- _Task directions_:
Each line below is to be copied out exactly, and none may be omitted.

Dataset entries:
text \<open>The resolvents are well defined by Minty's theorem: for a maximally monotone A and c > 0
  every x lies in the range of id + c A, and the preimage is unique by monotonicity. Minty's
  theorem reduces, after shifting and rescaling A, to finding p with -p \<in> A p. Such a p is
  obtained from the Fitzpatrick function F of A: the strongly convex function
  F z + |z|^2/2 on H \<times> H attains its infimum (minimizing sequences are Cauchy), and the
  variational inequality at a minimizer, combined with F z \<ge> \<langle>x, u\<rangle> for z = (x, u), produces
  the required point. Finally, writing x = J_n x + \<gamma>_n u and y = J_m y + \<gamma>_m v, the condition
  (1 - \<alpha>) \<gamma>_n = (1 - \<beta>) \<gamma>_m = c turns the right-hand side of the joint firm nonexpansiveness
  inequality into |(J_n x - J_m y) + c (u - v)|, which dominates |J_n x - J_m y| since
  \<langle>J_n x - J_m y, u - v\<rangle> \<ge> 0.\<close>

lemma nonneg_if_nonneg_add_small_multiples:
  fixes a b :: real
  assumes "b \<ge> 0" and small: "\<And>t. 0 < t \<Longrightarrow> t \<le> 1 \<Longrightarrow> 0 \<le> a + t * b"
  shows "0 \<le> a"
proof (rule ccontr)
  assume "\<not> 0 \<le> a"
  define t where "t = min 1 (- a / (2 * b + 1))"
  have "0 < 2 * b + 1" using \<open>b \<ge> 0\<close> by simp
  then have "0 < t" using \<open>\<not> 0 \<le> a\<close> by (simp add: t_def divide_neg_pos)
  moreover have "t * b \<le> - a / (2 * b + 1) * b"
    using \<open>b \<ge> 0\<close> by (intro mult_right_mono) (auto simp: t_def)
  moreover have "- a / (2 * b + 1) * b < - a"
    using \<open>\<not> 0 \<le> a\<close> \<open>b \<ge> 0\<close> by (simp add: divide_simps)
  ultimately show False using small[of t] by (simp add: t_def)
qed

- _Response_:
text \<open>The resolvents are well defined by Minty's theorem: for a maximally monotone A and c > 0
  every x lies in the range of id + c A, and the preimage is unique by monotonicity. Minty's
  theorem reduces, after shifting and rescaling A, to finding p with -p \<in> A p. Such a p is
  obtained from the Fitzpatrick function F of A: the strongly convex function
  F z + |z|^2/2 on H \<times> H attains its infimum (minimizing sequences are Cauchy), and the
  variational inequality at a minimizer, combined with F z \<ge> \<langle>x, u\<rangle> for z = (x, u), produces
  the required point. Finally, writing x = J_n x + \<gamma>_n u and y = J_m y + \<gamma>_m v, the condition
  (1 - \<alpha>) \<gamma>_n = (1 - \<beta>) \<gamma>_m = c turns the right-hand side of the joint firm nonexpansiveness
  inequality into |(J_n x - J_m y) + c (u - v)|, which dominates |J_n x - J_m y| since
  \<langle>J_n x - J_m y, u - v\<rangle> \<ge> 0.\<close>

lemma nonneg_if_nonneg_add_small_multiples:
  fixes a b :: real
  assumes "b \<ge> 0" and small: "\<And>t. 0 < t \<Longrightarrow> t \<le> 1 \<Longrightarrow> 0 \<le> a + t * b"
  shows "0 \<le> a"
proof (rule ccontr)
  assume "\<not> 0 \<le> a"
  define t where "t = min 1 (- a / (2 * b + 1))"
  have "0 < 2 * b + 1" using \<open>b \<ge> 0\<close> by simp
  then have "0 < t" using \<open>\<not> 0 \<le> a\<close> by (simp add: t_def divide_neg_pos)
  moreover have "t * b \<le> - a / (2 * b + 1) * b"
    using \<open>b \<ge> 0\<close> by (intro mult_right_mono) (auto simp: t_def)
  moreover have "- a / (2 * b + 1) * b < - a"
    using \<open>\<not> 0 \<le> a\<close> \<open>b \<ge> 0\<close> by (simp add: divide_simps)
  ultimately show False using small[of t] by (simp add: t_def)
qed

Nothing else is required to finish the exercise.